1.      What do you think is your greatest achievement so far?


I honestly can’t think of a single achievement that stands out.  But my deep involvement in the growth and “evolution” of KSearch, throughout the years, is something I am very proud of. 


2.      What are your upcoming projects?


In KSearch, I want to complete the databank project and social media/online presence project which I’ve initiated over a year ago.  Through the leadership of a very capable new employee (Verna), I think these will be realized very soon.


What I want to work on next is establishing stronger ties with our Horton partners so we can fully bring to fruition the benefits of being part of a global organization. 


On a personal side, I want to learn Mandarin.  I have long realized how much of an edge the language skill will bring to any professional who wants to be global.  I feel the urgency now more than ever – all I need is the time to do it!


3.      What makes you so motivated to keep driving yourself to produce high performance levels in KSearch -- as you obviously have succeeded in doing all these many years?


Executive search is such an interesting business.  I love the fact that to become better at what I do means I must push myself to learn new things every day.  So it’s not difficult to be good at the job.


But, I’m not saying that I’m motivated to work all the time.  I think I just have a strong sense of obligation.  I always think about my clients, my team, my boss, the entire firm, and what will happen if I don’t do a good job.   


4.      How do you maintain enthusiasm at work?


It’s not hard for me.  The work, like I said, is very interesting so I don’t really “drag” myself to the office in the morning.  I also like to keep a positive attitude with everything – I hardly complain, I don’t dwell on failures, and I don’t like getting stuck in a rut so I like to think of alternatives/solutions.  I don’t allow the regular frustrations of the executive search business to get to me.  Mind you, it can REALLY get frustrating.  But there are some realities of the business that I just accept (e.g. positions that are put on hold, candidates who decline job offers, bad clients).  So it means that I’ve just got to give more.     


Of course, there are those little things that make a big difference.  Listening to good music on the way to work sets me in the right mood.  I also encourage our playing good music while at work because it really boosts our energies.  Good food also helps a lot.  Being in the company of people who like to eat and a boss who encourages us to try different cuisines is a great pick-me-upper.


5.      How do you manage stress?


When I am in a very difficult situation at work, especially those that seem impossible to resolve, I often remind myself of the past difficult experiences I have overcome.  This gives me a better perspective of my present problems and gives me confidence of my capabilities to overcome them - like I have done in the past.  I don’t like succumbing to stress.  I like to have more control and plan my way around it.

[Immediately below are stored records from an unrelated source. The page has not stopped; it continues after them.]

(* Let $p\in\{2,3\}$, let $\mathbf{k}$ be a field of characteristic $p$, and let $K=\mathbf{k}[y_1,y_2,y_3]/(y_1^p,y_2^p,y_3^p)$. Let $\mathcal{L}=Lie_K(x_1,x_2,x_3\mid y_3x_3=y_2x_2+y_1x_1)$. Then $\mathcal{L}$ is not embeddable into its universal enveloping algebra $U_K(\mathcal{L})=K\langle x_1,x_2,x_3\mid y_3x_3=y_2x_2+y_1x_1\rangle$; i.e., the canonical map $\mathcal{L}\to U_K(\mathcal{L})$ is not injective.
   Context: $Lie_K(X\mid\cdot)$ denotes the free Lie $K$-algebra on $X$ modulo the ideal generated by the given relation; $U_K(\mathcal L)$ is the corresponding associative $K$-algebra with identity, and the canonical map is induced by $x_i\mapsto x_i$. *)

theory Defs
  imports Main "HOL-Library.Function_Algebras"
begin

text \<open>
  K = k[y1,y2,y3]/(y1^p,y2^p,y3^p) and the free associative
  K-algebra K<x1,x2,x3> = K \<otimes>_k k<x1,x2,x3>.  A basis monomial is a pair
  ((a,b,c), w) standing for y1^a y2^b y3^c w, where w is a word in the
  letters 1,2,3 (letter i stands for x_i) and a,b,c < p.  An element is a
  finitely supported k-valued function on valid monomials.
\<close>

type_synonym mono = "(nat \<times> nat \<times> nat) \<times> nat list"
type_synonym 'k elt = "mono \<Rightarrow> 'k"

definition valid_mono :: "nat \<Rightarrow> mono \<Rightarrow> bool" where
  "valid_mono p m = (case m of ((a, b, c), w) \<Rightarrow>
      a < p \<and> b < p \<and> c < p \<and> set w \<subseteq> {1, 2, 3})"

definition supp :: "'k::zero elt \<Rightarrow> mono set" where
  "supp f = {m. f m \<noteq> 0}"

definition FA :: "nat \<Rightarrow> ('k::zero) elt set" where
  "FA p = {f. finite (supp f) \<and> (\<forall>m. f m \<noteq> 0 \<longrightarrow> valid_mono p m)}"

text \<open>The coefficient ring K, embedded as the elements supported on the empty word.\<close>
definition Kpart :: "nat \<Rightarrow> ('k::zero) elt set" where
  "Kpart p = {f \<in> FA p. \<forall>e w. f (e, w) \<noteq> 0 \<longrightarrow> w = []}"
(* Let $\mathfrak l$ be a real finite-dimensional nilpotent Lie algebra with $\dim\mathfrak l'=2$ and $\mathfrak l'\subset\mathfrak z(\mathfrak l)$, let $\bar{\mathfrak l}\subset\mathfrak l$ be a 3-dimensional subspace with $[\bar{\mathfrak l},\bar{\mathfrak l}]=\mathfrak l'$, let $\mathfrak a$ be a semisimple orthogonal $\mathfrak l$-module and let $[\alpha,\gamma]\in\mathcal H^2_Q(\mathfrak l,\mathfrak a)$ be admissible, represented with $\alpha(\mathfrak l,\mathfrak l)\subset\mathfrak a^{\mathfrak l}$. Then $\alpha([L,\mathfrak l],\mathfrak l)=0$ for all $L\in\mathfrak l$ satisfying $[L,\bar{\mathfrak l}]=0$.
   Context: For a Lie algebra $\mathfrak l$: $\mathfrak l^1=\mathfrak l$, $\mathfrak l^{k+1}=[\mathfrak l,\mathfrak l^k]$, $\mathfrak l'=\mathfrak l^2$, $\mathfrak z(\mathfrak l)$ the centre. An orthogonal $\mathfrak l$-module $(\rho,\mathfrak a)$ is a finite-dimensional real vector space with a nondegenerate symmetric bilinear form $\langle\cdot,\cdot\rangle_{\mathfrak a}$ and a representation by skew-adjoint maps; $\mathfrak a^{\mathfrak l}$ its invariants. $C^p(\mathfrak l,\mathfrak a)$: alternating $p$-linear maps with Chevalley–Eilenberg differential $d$; $C^p(\mathfrak l)=C^p(\mathfrak l,\mathbb R)$; $\langle\alpha\wedge\beta\rangle$ is the wedge product followed by contraction with $\langle\cdot,\cdot\rangle_{\mathfrak a}$. $\mathcal Z^2_Q(\mathfrak l,\mathfrak a)=\{(\alpha,\gamma)\in C^2(\mathfrak l,\mathfrak a)\oplus C^3(\mathfrak l): d\alpha=0,d\gamma=\frac12\langle\alpha\wedge\alpha\rangle\}$; the group $C^1(\mathfrak l,\mathfrak a)\oplus C^2(\mathfrak l)$ with $(\tau_1,\sigma_1)*(\tau_2,\sigma_2)=(\tau_1+\tau_2,\sigma_1+\sigma_2+\frac12\langle\tau_1\wedge\tau_2\rangle)$ acts by $(\alpha,\gamma)(\tau,\sigma)=(\alpha+d\tau,\gamma+d\sigma+\langle(\alpha+\frac12d\tau)\wedge\tau\rangle)$; $\mathcal H^2_Q(\mathfrak l,\mathfrak a)$ is the orbit set. Admissibility: with $\mathfrak l^{m+2}=0$, $\mathfrak l_{(0)}=\mathfrak z(\mathfrak l)\cap\ker\rho$, $\mathfrak l_{(k)}=\mathfrak z(\mathfrak l)\cap\mathfrak l^{k+1}$ ($k\ge1$), and a representative with $\alpha(\mathfrak l,\mathfrak l)\subset\mathfrak a^{\mathfrak l}$, the class is admissible iff for all $0\le k\le m$: $(A_k)$ whenever $L_0\in\mathfrak l_{(k)}$ and there are $A_0\in\mathfrak a$, $Z_0\in(\mathfrak l^{k+1})^*$ with $\alpha(L,L_0)=0$ and $\gamma(L,L_0,\cdot)=-\langle A_0,\alpha(L,\cdot)\rangle_{\mathfrak a}+\langle Z_0,[L,\cdot]\rangle$ on $\mathfrak l^{k+1}$ for all $L$, then $L_0=0$; $(B_k)$ $\alpha$ applied to the kernel of the bracket map $\mathfrak l\otimes\mathfrak l^{k+1}\to\mathfrak l$ is a nondegenerate subspace of $\mathfrak a$. *)

theory Defs
  imports "HOL-Analysis.Analysis"
begin

(* Finite-dimensional real vector spaces are modelled by types of class euclidean_space
   (the inner product of the class plays no role). *)

definition trilinear :: "('a::real_vector \<Rightarrow> 'a \<Rightarrow> 'a \<Rightarrow> 'b::real_vector) \<Rightarrow> bool" where
  "trilinear f \<longleftrightarrow> (\<forall>y z. linear (\<lambda>x. f x y z)) \<and> (\<forall>x z. linear (\<lambda>y. f x y z))
                    \<and> (\<forall>x y. linear (\<lambda>z. f x y z))"

definition lie_algebra :: "('l::real_vector \<Rightarrow> 'l \<Rightarrow> 'l) \<Rightarrow> bool" where
  "lie_algebra br \<longleftrightarrow> bilinear br \<and> (\<forall>x. br x x = 0) \<and>
     (\<forall>x y z. br x (br y z) + br y (br z x) + br z (br x y) = 0)"

definition brset :: "('l::real_vector \<Rightarrow> 'l \<Rightarrow> 'l) \<Rightarrow> 'l set \<Rightarrow> 'l set \<Rightarrow> 'l set" where
  "brset br A B = span {br x y | x y. x \<in> A \<and> y \<in> B}"

(* lower central series, shifted: lcs br k = l^(k+1); so lcs 0 = l, lcs 1 = l' *)
fun lcs :: "('l::real_vector \<Rightarrow> 'l \<Rightarrow> 'l) \<Rightarrow> nat \<Rightarrow> 'l set" where
  "lcs br 0 = UNIV"
| "lcs br (Suc k) = brset br UNIV (lcs br k)"

definition nilpotent_lie :: "('l::real_vector \<Rightarrow> 'l \<Rightarrow> 'l) \<Rightarrow> bool" where
  "nilpotent_lie br \<longleftrightarrow> (\<exists>m. lcs br m = {0})"

definition centre :: "('l::real_vector \<Rightarrow> 'l \<Rightarrow> 'l) \<Rightarrow> 'l set" where
  "centre br = {z. \<forall>x. br z x = 0}"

6.      What keeps you busy other than work?


It’s always one thing or another.  I like being involved in some activity – exercise, business, a hobby.  Most recently, I graduated from fashion school where I’ve been spending my Saturdays for the past 2 ½ years.  I’ve always been interested in fashion; it brings out my creative side.  I am also excited with the prospect of getting into retail very soon through a reward I received during our class graduation. 


7.      What’s your message to KSearch employees on keeping the value of company loyalty?

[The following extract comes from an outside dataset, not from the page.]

(* Let $\kappa > 0$ and let $(X,d)$ be a compact CAT$(\kappa)$ space such that $d(v,w) < \pi/(2\sqrt{\kappa})$ for all $v,w \in X$. Let $N \ge 1$ and let $f = \sum_{i=1}^N f_i$, where each $f_i : X \to (-\infty,\infty]$ is proper, convex and lower semi-continuous, and suppose $f$ attains its minimum. Let $x_0 \in X$ and let $(\lambda_j)_{j\ge0}$ be a sequence of positive real numbers with $\sum_{j \ge 0}\lambda_j = \infty$ and $\sum_{j\ge 0}\lambda_j^2 < \infty$. Define $(x_n)$ by \[ x_{jN+i} = J^i_{\lambda_j}(x_{jN+i-1}), \qquad j \ge 0,\ i \in \{1,\ldots,N\}, \] where $J^i_\lambda(x) = \operatorname{argmin}_{y\in X}\left[f_i(y) + \frac{1}{\lambda}\Psi_x(y)\right]$. Suppose there exists $L > 0$ such that for every $j \in \mathbb{N}$ and $i \in \{1,\ldots,N\}$, \[ f_i(x_{jN}) - f_i(x_{jN+i}) \le L\, d(x_{jN},x_{jN+i}) \quad\text{and}\quad f_i(x_{jN+i-1}) - f_i(x_{jN+i}) \le L\, d(x_{jN+i-1},x_{jN+i}). \] Then $(x_n)$ converges to a minimum point of $f$.
   Context: A CAT$(\kappa)$ space ($\kappa>0$) is a metric space in which any two points at distance $<\pi/\sqrt{\kappa}$ are joined by a geodesic and every geodesic triangle of perimeter $<2\pi/\sqrt{\kappa}$ satisfies the CAT$(\kappa)$ comparison inequality with respect to its comparison triangle in the sphere of constant curvature $\kappa$. Writing $(1-t)x+ty$ for the point at distance $t\,d(x,y)$ from $x$ on the geodesic from $x$ to $y$, a function $g$ is convex if $g((1-t)x+ty) \le (1-t)g(x)+tg(y)$ for all $x,y$, $t\in[0,1]$; proper means not identically $\infty$. For $x \in X$, $\Psi_x : X \to [0,\infty)$ is $\Psi_x(y) = \frac{1}{\kappa\cos(\sqrt{\kappa}\,d(y,x))} - \frac{\cos(\sqrt{\kappa}\,d(y,x))}{\kappa}$; for each proper convex lower semi-continuous $g$ and $\lambda>0$ the minimizer $\operatorname{argmin}_{y\in X}[g(y)+\frac1\lambda\Psi_x(y)]$ exists and is unique under the stated assumptions, so the $J^i_\lambda$ are well-defined maps $X\to X$. *)

theory Defs
  imports "HOL-Analysis.Analysis" "HOL-Library.Extended_Real"
begin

Loyalty is not a popular word nowadays.  I’ve seen and felt the changes on people’s mindset about it over the years.  In fact, sometimes I feel detached from a generation that I perceive as only wanting instant gratification – people who can just leave a job when they are not satisfied with one thing or another.   


I like to make loyalty a positive idea again.  I don’t want people feeling forced to be loyal to the company.  Speaking from experience, loyalty was not something forced upon me.  It just happened!  I guess it’s because I didn’t see loyalty as a one-sided thing.  My staying with the firm for 12+ years was not because of KSearch’s benefit alone, it was very much for my own benefit too!  I can say with all sincerity that when you give your best, your company gives back.  This has been my experience.